Search code examples
sqlrdbplyr

Is R dbplyr "smart" enough to determine the SQL database type and apply appropriate syntax?


library(tidyverse)
con <- DBI::dbConnect(RSQLite::SQLite(), ":memory:")
copy_to(con, mtcars)
mtcars2 <- tbl(con, "mtcars")

As I'm starting to learn SQL my first big lesson is that the syntax will be different dependent on database type.

For example, this type of query will often work:

mtcars3 <- DBI::dbGetQuery(con, "SELECT * FROM mtcars LIMIT 5")

But on some SQL databases I try SELECT * FROM xyz LIMIT 5 and I get a syntax error. I then try something along the lines of:

DBI::dbGetQuery(con, "SELECT TOP 5 * FROM xyz")

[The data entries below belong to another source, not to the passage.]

text \<open>Deform \<open>G\<close> into \<open>K G\<close> through \<open>S t = ((1 - t) I + t K) G\<close>: every \<open>S t\<close> is symmetric
  (this is where commutativity enters) and uniformly invertible, so positivity survives.\<close>

lemma coercive_mat_prod_of_commute:
  assumes symK: "symmetric_fun n K" and symG: "symmetric_fun n G"
    and comm: "\<And>i j. i < n \<Longrightarrow> j < n \<Longrightarrow> mat_prod n K G i j = mat_prod n G K i j"
    and K: "k > 0" "\<And>x. quad_form n K x \<ge> k * norm_sq n x"
    and G: "g > 0" "\<And>x. quad_form n G x \<ge> g * norm_sq n x"
  shows "\<exists>\<delta>>0. \<forall>x. quad_form n (mat_prod n K G) x \<ge> \<delta> * norm_sq n x"
proof -
  define KG where "KG = mat_prod n K G"
  define S where "S t i j = (1 - t) * G i j + t * KG i j" for t i j
  have symS: "symmetric_fun n (S t)" for t
    using symG symmetric_mat_prod_of_commute[OF symK symG comm]
    unfolding symmetric_fun_def S_def KG_def by auto
  have qS: "quad_form n (S t) x = (1 - t) * quad_form n G x + t * quad_form n KG x" for t x
    unfolding S_def by (rule quad_form_lin_comb)
  obtain B where "B \<ge> 0" and B: "\<forall>i<n. \<forall>j<n. \<bar>\<bar>G i j\<bar> + \<bar>KG i j\<bar>\<bar> \<le> B"
    using entries_bounded[of n "\<lambda>i j. \<bar>G i j\<bar> + \<bar>KG i j\<bar>"] by blast
  have "\<bar>G i j\<bar> \<le> B" "\<bar>KG i j\<bar> \<le> B" if "i < n" "j < n" for i j
    using B that abs_ge_zero[of "G i j"] abs_ge_zero[of "KG i j"] by fastforce+
  then have bG: "\<bar>quad_form n G x\<bar> \<le> B * n * norm_sq n x"
    and bKG: "\<bar>quad_form n KG x\<bar> \<le> B * n * norm_sq n x" for x
    by (simp_all add: quad_form_abs_le)
  define C where "C = B * n + 1"
  have C: "C > 0" unfolding C_def using \<open>B \<ge> 0\<close> by (simp add: add_nonneg_pos)
  have up: "quad_form n (S t) y \<le> C * norm_sq n y" if "0 \<le> t" "t \<le> 1" for t y
  proof -
    have "quad_form n (S t) y \<le> (1 - t) * (B * n * norm_sq n y) + t * (B * n * norm_sq n y)"
      unfolding qS using that bG[of y] bKG[of y] by (intro add_mono mult_left_mono) auto
    also have "\<dots> \<le> C * norm_sq n y"
      unfolding C_def using norm_sq_nonneg[of n y] by (simp add: algebra_simps)
    finally show ?thesis .
  qed
  define \<delta> where "\<delta> = (min 1 k * g)\<^sup>2 / C"
  have \<delta>: "\<delta> > 0" unfolding \<delta>_def using K(1) G(1) C by simp
  have "quad_form n (S 1) x \<ge> \<delta> * norm_sq n x" for x
  proof (rule coercive_along_path[where q = "\<lambda>t. quad_form n (S t)" and D = "2 * B * n"])
    show "quad_form n (S 0) z \<ge> 0" for z
      using G(2)[of z] mult_nonneg_nonneg[OF less_imp_le[OF G(1)] norm_sq_nonneg[of n z]]
      unfolding qS by simp
    show "quad_form n (S t) z \<ge> quad_form n (S s) z - 2 * B * n * (t - s) * norm_sq n z"
      if "0 \<le> s" "s \<le> t" "t \<le> 1" for s t z
    proof -
      have "quad_form n KG z - quad_form n G z \<ge> - (2 * B * n * norm_sq n z)"
        using bG[of z] bKG[of z] by (simp add: abs_le_iff)
      then have "(t - s) * (quad_form n KG z - quad_form n G z) \<ge> (t - s) * - (2 * B * n * norm_sq n z)"
        using that by (intro mult_left_mono) auto
      then show ?thesis unfolding qS by (simp add: algebra_simps)
    qed
    show "quad_form n (S t) z \<ge> \<delta> * norm_sq n z"
      if "0 \<le> t" "t \<le> 1" "\<And>y. quad_form n (S t) y \<ge> 0" for t z
      unfolding \<delta>_def
    proof (rule coercive_of_psd_mat_vec_ge[OF symS that(3) C up[OF that(1,2)]])
      have "mat_vec n (S t) z = (\<lambda>i. (1 - t) * mat_vec n G z i + t * mat_vec n KG z i)"
        unfolding S_def by (rule ext) (rule mat_vec_lin_comb)
      then show "norm_sq n (mat_vec n (S t) z) \<ge> (min 1 k * g)\<^sup>2 * norm_sq n z"
        unfolding KG_def using that(1,2) K G by (simp add: norm_sq_mat_vec_convex_ge)
    qed simp
  qed (use \<delta> norm_sq_nonneg in auto)
  then show ?thesis using \<delta> unfolding qS KG_def by auto
qed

and I'm able to get the result I want.

This makes me very curious as to what will happen when I start using dbplyr exclusively and forego using SQL queries at all (to the extent possible). Is dbplyr going to be "smart" enough to recognize the different SQL databases I'm working in? And more importantly will dbplyr apply the correct syntax, dependent on database type?


Solution

  • Yes, dbplyr is 'smart' enough to use the connect type of the table when translating dplyr commands to database (SQL) syntax. Consider the following example:

    library(dplyr)
    library(dbplyr)
    data(mtcars)
    
    # mimic postgre database
    df_postgre = tbl_lazy(mtcars, con = simulate_postgres())
    df_postgre %>% head(5) %>% show_query()
    
    # resulting SQL translation
    <SQL>
    SELECT *
    FROM `df`
    LIMIT 5
    
    # mimic MS server database
    df_server = tbl_lazy(mtcars, con = simulate_mssql())
    df_server %>% head(5) %>% show_query()
    
    # resulting SQL translation
    <SQL>
    SELECT TOP(5) *
    FROM `df`
    

    You can experiment with the different simulate_* functions in dbplyr to check translations for your particular database.